[Stored items]
# # # # # # #
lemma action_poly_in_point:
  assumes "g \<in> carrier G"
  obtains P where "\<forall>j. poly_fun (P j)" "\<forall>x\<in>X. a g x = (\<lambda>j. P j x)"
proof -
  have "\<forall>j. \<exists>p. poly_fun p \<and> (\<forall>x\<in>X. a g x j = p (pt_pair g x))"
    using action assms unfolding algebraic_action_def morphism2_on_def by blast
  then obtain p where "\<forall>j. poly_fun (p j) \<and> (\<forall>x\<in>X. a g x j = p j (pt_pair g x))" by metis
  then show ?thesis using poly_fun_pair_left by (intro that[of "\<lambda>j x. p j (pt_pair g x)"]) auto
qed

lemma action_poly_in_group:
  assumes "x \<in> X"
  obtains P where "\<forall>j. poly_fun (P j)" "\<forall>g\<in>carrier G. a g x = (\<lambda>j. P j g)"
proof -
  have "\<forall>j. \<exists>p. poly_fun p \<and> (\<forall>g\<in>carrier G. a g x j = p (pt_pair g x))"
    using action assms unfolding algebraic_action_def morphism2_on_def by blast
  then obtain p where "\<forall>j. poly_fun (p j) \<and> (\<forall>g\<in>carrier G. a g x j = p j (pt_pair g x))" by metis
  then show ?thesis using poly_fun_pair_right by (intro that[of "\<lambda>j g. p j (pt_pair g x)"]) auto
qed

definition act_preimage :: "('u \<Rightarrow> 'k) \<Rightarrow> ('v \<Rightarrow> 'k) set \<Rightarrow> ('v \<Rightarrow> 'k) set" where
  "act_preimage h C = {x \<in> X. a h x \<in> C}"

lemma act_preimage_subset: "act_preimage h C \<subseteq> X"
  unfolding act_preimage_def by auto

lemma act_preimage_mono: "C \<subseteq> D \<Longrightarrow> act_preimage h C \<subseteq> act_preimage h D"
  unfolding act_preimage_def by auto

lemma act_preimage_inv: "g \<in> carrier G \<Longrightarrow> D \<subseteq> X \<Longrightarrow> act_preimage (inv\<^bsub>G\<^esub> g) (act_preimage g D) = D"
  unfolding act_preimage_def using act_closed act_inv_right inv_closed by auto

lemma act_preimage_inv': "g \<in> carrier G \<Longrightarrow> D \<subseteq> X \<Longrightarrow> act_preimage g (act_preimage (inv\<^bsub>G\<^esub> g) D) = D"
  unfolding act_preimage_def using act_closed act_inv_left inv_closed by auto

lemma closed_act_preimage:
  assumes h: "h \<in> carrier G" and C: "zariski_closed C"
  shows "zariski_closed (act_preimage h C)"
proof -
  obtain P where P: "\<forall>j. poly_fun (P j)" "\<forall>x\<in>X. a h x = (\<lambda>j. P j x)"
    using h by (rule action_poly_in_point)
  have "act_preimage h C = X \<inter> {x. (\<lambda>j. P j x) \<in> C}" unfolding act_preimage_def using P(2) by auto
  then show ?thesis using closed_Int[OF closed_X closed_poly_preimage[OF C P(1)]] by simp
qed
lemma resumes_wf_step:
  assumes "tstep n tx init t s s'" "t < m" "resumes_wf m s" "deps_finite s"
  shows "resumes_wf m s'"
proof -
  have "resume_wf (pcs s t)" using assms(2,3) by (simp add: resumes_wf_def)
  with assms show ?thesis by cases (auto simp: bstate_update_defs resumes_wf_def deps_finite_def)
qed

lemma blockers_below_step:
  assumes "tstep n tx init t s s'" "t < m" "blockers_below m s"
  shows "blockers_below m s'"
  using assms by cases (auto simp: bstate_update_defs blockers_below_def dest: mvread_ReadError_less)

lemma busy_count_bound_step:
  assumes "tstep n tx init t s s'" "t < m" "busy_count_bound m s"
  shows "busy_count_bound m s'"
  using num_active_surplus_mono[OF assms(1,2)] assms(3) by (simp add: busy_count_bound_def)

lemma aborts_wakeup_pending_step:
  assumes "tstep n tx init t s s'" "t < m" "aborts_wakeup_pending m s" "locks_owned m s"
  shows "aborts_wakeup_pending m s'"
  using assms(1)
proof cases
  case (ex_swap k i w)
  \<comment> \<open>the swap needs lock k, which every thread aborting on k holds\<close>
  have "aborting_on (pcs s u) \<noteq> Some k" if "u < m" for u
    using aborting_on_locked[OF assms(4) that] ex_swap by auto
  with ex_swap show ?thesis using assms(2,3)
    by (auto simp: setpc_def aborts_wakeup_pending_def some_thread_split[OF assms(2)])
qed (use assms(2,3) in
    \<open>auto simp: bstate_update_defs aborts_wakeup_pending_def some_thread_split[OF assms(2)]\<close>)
# # # # # # #
» **What to do**:
Wherever the line holding "using aborting_on_locked[OF assms(4)" falls in the entries above, copy exactly from it through the line holding "qed (use assms(2,3) in", inclusive, and add nothing.

» **Task answer**:
    using aborting_on_locked[OF assms(4) that] ex_swap by auto
  with ex_swap show ?thesis using assms(2,3)
    by (auto simp: setpc_def aborts_wakeup_pending_def some_thread_split[OF assms(2)])
qed (use assms(2,3) in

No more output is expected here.